Moving to probabilistic considerations

Let us start seeing what is going on when there are no infected individuals in the population, i.e. when $p=0$. In our rough reasoning none of the 10000 sampled individual will be infected. But 12% of them will be tagged as positive, exactly the critical value of 1200 we have seen above. In reality we have neglected the fact that 1200 is an expectation, in the probabilistic meaning of expected value, but that other values are also possible. In fact, given the assumed properties of the test, the number of individuals which shall result positive to the test is uncertain, and precisely described by the well known binomial distribution with `probability parameter' (see Ref. [19] for clarifications) $\pi_2$. The expectation has therefore an uncertainty, that we quantify with the standard uncertainty [29], i.e. the standard deviation of the related probability distribution. Using the well known formula resulting from the binomial distribution, which in our case reads as $\sigma=\sqrt{\pi_2\cdot (1-\pi_2)\cdot m}$, we get, using our numbers, $\sigma=32.5$. Since we are dealing with reasonably large numbers, the Gaussian approximation holds and we can easily calculate that there is about 16% probability to get a number of positives equal or below 1167, and so on. In particular we get 0.1% probability to observe a number equal or below 1100, which we could consider a safe limit for practical purposes.

But, unfortunately, the story is a bit longer. In fact we don't have to forget that $\pi_2$ comes itself from measurements and is therefore uncertain. Therefore, although 0.12 is its `nominal value', also values below 0.10 are easily possible, yielding e.g. an expected number of positives, among the not infected individuals, of $1000\pm 30$ for $\pi_2=0.10$ and $800\pm 27$ for $\pi_2=0.08$ (hereafter, unless indicated otherwise, we quote standard uncertainties).

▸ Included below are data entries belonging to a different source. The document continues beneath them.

(* Let $(R,\mathfrak m)$ be a one-dimensional Cohen–Macaulay local ring with infinite residue field admitting a canonical module $\omega_R$ with $R\subseteq\omega_R\subseteq\overline R$. Let $I$ be a fractional ideal of $R$ and let $z$ be a reduction of $\omega_R:I$. The following are equivalent: (1) $I$ is almost canonical; (2) $\omega_R:\mathfrak m=zI:\mathfrak m$; (3) $\mathfrak m\,\omega_R\subseteq zI$.
   Context: $Q(R)$ is the total ring of fractions and $\overline R$ the integral closure of $R$ in $Q(R)$; fractional ideals are finitely generated $R$-submodules of $Q(R)$ containing a non-zero-divisor, and $I:J=\{r\in Q(R)\mid rJ\subseteq I\}$. A reduction of $\omega_R:I$ is an element $z=x/y$ where $y\in R$ is regular with $y(\omega_R:I)\subseteq R$ and $(x)$ is a minimal reduction of the ideal $y(\omega_R:I)$. $I$ is almost canonical if $\omega_R:(\mathfrak m:\mathfrak m)\subseteq zI$ (this does not depend on the choices of $\omega_R$, $y$, $x$). *)

theory Defs
  imports Main
begin

text \<open>Ambient type 'q plays the role of the total ring of fractions Q(R); R is a subset.\<close>

definition subring :: "'q::comm_ring_1 set \<Rightarrow> bool" where
  "subring R \<longleftrightarrow> 0 \<in> R \<and> 1 \<in> R \<and> (\<forall>a\<in>R. \<forall>b\<in>R. a + b \<in> R \<and> a - b \<in> R \<and> a * b \<in> R)"

definition rmodule :: "'q::comm_ring_1 set \<Rightarrow> 'q set \<Rightarrow> bool" where
  "rmodule R M \<longleftrightarrow> 0 \<in> M \<and> (\<forall>a\<in>M. \<forall>b\<in>M. a + b \<in> M) \<and> (\<forall>r\<in>R. \<forall>a\<in>M. r * a \<in> M)"

definition gen :: "'q::comm_ring_1 set \<Rightarrow> 'q set \<Rightarrow> 'q set" where
  "gen R G = {(\<Sum>g\<in>G. c g * g) | c. \<forall>g\<in>G. c g \<in> R}"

Then there is the question that we apply the tests on the sample, and not on the entire population. Therefore, unless the proportion of infectees in the population is exactly 0 or 1, the proportion of infectees in the sample (`$p_s$'), will differ from $p$. For example, sticking to a reference $p=0.1$, in the 10000 individuals sampled from a population ten times larger we do not expect exactly 1000 infected, but $1000\pm 28$ as we shall see in detail in Sec. [*] (we only anticipate, in answer to somebody who might have quickly checked the numbers, that the standard uncertainty differs from 30, calculated from a binomial distribution, because this kind of sampling belongs, contrary to the binomial, to the model `extraction without reintroduction').